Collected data
################

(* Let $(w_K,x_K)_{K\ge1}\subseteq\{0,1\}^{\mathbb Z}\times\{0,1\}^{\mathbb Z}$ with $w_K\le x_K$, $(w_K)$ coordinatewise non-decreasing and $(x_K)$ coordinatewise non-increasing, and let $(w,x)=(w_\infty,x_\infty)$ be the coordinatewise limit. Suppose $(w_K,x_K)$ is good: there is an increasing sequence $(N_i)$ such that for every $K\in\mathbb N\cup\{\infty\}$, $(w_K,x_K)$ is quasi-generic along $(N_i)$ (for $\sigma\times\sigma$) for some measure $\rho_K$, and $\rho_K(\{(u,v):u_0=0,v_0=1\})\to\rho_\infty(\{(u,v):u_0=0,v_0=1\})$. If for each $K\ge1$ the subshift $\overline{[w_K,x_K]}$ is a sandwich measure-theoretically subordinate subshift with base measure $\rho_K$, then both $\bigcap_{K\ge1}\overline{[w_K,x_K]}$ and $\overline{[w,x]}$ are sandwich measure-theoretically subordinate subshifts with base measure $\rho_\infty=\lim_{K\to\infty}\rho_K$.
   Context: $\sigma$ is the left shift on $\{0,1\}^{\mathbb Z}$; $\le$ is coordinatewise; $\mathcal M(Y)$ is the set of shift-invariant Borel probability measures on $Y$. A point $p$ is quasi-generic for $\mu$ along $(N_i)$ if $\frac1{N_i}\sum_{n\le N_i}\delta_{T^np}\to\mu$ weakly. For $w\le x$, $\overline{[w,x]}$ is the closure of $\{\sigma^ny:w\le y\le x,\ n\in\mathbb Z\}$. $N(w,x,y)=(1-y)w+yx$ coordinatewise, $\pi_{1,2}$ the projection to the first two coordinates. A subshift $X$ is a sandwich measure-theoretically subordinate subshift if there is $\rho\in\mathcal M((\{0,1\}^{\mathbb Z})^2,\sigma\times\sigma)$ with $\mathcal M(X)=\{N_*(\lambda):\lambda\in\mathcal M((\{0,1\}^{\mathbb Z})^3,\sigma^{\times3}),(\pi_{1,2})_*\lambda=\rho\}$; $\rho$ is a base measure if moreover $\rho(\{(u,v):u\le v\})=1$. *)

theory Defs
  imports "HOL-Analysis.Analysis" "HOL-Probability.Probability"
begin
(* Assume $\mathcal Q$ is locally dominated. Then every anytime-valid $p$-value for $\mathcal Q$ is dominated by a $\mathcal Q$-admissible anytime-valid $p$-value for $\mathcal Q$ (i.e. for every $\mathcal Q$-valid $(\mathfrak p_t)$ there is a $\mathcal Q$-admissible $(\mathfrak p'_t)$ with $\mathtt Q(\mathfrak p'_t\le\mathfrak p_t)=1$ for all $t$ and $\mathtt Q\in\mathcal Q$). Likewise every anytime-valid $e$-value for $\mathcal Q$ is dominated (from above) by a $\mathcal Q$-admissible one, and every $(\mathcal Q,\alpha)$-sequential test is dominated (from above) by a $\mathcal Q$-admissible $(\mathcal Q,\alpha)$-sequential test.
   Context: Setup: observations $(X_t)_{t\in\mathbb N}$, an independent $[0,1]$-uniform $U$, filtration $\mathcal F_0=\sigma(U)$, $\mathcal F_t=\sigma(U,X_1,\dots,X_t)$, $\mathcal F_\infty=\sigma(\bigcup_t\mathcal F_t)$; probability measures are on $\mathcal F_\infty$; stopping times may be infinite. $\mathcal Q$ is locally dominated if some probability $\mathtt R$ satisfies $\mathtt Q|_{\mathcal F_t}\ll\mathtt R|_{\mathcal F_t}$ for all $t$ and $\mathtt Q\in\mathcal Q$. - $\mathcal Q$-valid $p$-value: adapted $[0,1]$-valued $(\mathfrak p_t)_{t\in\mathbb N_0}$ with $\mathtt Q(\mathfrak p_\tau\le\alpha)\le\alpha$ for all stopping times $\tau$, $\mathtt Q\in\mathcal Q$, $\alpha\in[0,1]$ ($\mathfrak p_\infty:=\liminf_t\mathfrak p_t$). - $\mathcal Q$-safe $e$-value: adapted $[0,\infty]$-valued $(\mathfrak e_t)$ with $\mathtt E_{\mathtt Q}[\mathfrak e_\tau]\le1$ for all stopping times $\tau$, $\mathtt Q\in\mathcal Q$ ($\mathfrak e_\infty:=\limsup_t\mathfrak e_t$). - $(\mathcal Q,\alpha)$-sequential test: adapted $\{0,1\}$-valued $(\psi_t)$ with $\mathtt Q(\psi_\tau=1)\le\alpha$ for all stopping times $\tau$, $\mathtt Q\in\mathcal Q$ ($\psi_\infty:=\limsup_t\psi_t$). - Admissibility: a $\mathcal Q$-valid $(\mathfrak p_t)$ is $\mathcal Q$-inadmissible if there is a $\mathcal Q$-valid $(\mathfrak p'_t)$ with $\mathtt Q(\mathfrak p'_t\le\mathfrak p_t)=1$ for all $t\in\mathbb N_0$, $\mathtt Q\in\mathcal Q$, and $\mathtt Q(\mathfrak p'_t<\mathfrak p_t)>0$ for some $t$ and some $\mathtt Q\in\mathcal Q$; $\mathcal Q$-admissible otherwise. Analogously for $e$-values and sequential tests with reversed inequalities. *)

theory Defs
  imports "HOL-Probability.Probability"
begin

################

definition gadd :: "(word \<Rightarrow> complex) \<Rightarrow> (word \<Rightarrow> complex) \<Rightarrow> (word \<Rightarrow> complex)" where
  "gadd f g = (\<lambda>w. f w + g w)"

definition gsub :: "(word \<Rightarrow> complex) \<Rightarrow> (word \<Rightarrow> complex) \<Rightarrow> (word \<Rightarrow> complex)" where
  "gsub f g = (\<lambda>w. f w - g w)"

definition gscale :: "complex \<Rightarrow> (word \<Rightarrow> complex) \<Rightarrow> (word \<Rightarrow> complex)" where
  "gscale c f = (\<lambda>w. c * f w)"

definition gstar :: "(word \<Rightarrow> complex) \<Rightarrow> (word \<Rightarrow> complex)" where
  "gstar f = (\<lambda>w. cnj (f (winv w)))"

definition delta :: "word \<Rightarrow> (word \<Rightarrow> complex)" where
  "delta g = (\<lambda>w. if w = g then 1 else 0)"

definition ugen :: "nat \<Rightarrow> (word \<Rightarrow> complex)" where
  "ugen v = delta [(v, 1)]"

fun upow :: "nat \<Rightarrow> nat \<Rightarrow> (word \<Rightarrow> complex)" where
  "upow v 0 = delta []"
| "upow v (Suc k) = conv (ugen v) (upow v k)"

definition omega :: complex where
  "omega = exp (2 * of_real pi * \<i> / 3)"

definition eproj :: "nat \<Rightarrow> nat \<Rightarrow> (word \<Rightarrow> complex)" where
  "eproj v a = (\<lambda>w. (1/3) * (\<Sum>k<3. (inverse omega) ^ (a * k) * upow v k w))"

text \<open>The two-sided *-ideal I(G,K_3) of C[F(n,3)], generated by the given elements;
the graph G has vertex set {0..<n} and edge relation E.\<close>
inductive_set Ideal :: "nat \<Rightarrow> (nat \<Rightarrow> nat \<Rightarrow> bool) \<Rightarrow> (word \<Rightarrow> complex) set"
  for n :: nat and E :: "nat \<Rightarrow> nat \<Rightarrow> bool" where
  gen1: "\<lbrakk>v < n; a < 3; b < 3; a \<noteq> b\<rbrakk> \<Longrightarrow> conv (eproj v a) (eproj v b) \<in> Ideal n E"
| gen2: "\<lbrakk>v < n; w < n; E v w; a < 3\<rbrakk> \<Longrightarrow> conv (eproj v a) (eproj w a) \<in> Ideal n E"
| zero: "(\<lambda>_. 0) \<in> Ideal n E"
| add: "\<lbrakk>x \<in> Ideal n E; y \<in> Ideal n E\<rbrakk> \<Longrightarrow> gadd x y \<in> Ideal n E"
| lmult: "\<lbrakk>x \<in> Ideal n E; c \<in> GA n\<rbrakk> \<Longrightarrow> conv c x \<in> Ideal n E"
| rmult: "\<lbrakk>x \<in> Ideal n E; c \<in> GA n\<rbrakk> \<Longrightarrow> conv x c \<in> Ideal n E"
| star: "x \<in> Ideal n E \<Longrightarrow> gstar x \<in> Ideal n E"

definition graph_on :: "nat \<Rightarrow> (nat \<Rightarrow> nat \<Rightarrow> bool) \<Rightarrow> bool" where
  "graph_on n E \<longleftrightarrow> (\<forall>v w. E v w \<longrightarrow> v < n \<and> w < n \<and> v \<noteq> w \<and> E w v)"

################

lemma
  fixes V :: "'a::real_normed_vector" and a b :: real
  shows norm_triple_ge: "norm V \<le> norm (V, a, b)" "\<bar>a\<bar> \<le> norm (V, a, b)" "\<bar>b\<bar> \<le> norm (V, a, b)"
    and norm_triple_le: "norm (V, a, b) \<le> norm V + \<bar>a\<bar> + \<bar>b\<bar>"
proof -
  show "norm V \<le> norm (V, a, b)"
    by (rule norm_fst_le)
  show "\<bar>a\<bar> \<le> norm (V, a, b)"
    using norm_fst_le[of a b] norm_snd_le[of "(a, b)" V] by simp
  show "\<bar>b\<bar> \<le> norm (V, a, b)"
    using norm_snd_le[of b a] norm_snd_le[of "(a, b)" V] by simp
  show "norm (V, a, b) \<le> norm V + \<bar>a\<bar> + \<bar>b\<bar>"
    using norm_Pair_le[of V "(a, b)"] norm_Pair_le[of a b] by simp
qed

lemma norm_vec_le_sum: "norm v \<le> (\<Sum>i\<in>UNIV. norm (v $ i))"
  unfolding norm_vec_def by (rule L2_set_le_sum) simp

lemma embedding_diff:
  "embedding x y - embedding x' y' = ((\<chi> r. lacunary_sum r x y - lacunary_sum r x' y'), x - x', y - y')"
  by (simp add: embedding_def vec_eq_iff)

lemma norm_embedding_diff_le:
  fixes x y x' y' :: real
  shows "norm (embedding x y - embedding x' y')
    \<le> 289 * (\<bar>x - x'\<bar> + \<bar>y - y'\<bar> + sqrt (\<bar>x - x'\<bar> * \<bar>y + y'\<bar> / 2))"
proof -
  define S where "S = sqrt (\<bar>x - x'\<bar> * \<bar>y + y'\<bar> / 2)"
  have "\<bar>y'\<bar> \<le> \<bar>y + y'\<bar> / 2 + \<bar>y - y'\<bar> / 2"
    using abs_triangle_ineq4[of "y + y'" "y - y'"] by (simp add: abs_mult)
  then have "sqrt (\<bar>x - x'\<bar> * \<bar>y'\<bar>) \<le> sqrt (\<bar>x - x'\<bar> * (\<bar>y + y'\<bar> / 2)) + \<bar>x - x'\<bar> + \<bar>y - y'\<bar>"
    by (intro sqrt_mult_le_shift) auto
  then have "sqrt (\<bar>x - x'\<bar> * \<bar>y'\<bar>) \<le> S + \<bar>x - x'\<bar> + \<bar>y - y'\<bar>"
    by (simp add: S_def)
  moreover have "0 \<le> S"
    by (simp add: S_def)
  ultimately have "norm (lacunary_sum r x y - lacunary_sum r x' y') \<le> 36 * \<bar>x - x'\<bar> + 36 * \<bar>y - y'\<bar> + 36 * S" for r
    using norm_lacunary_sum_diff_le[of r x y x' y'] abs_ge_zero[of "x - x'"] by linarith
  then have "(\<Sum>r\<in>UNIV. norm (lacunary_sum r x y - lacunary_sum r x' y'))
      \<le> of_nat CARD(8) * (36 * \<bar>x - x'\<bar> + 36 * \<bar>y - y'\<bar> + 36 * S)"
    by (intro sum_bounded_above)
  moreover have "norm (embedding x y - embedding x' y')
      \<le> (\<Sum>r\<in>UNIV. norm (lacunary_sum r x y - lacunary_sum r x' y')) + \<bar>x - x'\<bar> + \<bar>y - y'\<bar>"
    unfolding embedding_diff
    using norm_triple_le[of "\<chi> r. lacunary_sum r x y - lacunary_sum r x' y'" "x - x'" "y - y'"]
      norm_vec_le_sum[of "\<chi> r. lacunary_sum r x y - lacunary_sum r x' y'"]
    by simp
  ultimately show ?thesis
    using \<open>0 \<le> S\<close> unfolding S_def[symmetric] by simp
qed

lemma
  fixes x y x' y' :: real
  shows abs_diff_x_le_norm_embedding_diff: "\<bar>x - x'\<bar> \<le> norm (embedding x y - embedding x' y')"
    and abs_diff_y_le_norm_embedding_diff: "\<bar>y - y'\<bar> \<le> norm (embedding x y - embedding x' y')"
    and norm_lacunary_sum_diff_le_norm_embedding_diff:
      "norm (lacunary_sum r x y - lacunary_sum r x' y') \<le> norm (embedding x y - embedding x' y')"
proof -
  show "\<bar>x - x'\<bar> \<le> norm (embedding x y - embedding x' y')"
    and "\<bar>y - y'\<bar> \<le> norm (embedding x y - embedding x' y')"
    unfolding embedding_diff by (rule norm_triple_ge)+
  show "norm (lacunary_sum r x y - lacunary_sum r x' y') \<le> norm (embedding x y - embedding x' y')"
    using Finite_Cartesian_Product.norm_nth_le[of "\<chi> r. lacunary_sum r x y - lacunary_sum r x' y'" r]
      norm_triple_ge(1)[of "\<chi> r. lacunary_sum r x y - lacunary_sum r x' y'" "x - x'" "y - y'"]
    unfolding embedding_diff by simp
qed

################

_WORK TASK_
Only lines holding the string "upow" are wanted; gather each one from the entries above.

_OUTPUT BELOW_
fun upow :: "nat \<Rightarrow> nat \<Rightarrow> (word \<Rightarrow> complex)" where
  "upow v 0 = delta []"
| "upow v (Suc k) = conv (ugen v) (upow v k)"
  "eproj v a = (\<lambda>w. (1/3) * (\<Sum>k<3. (inverse omega) ^ (a * k) * upow v k w))"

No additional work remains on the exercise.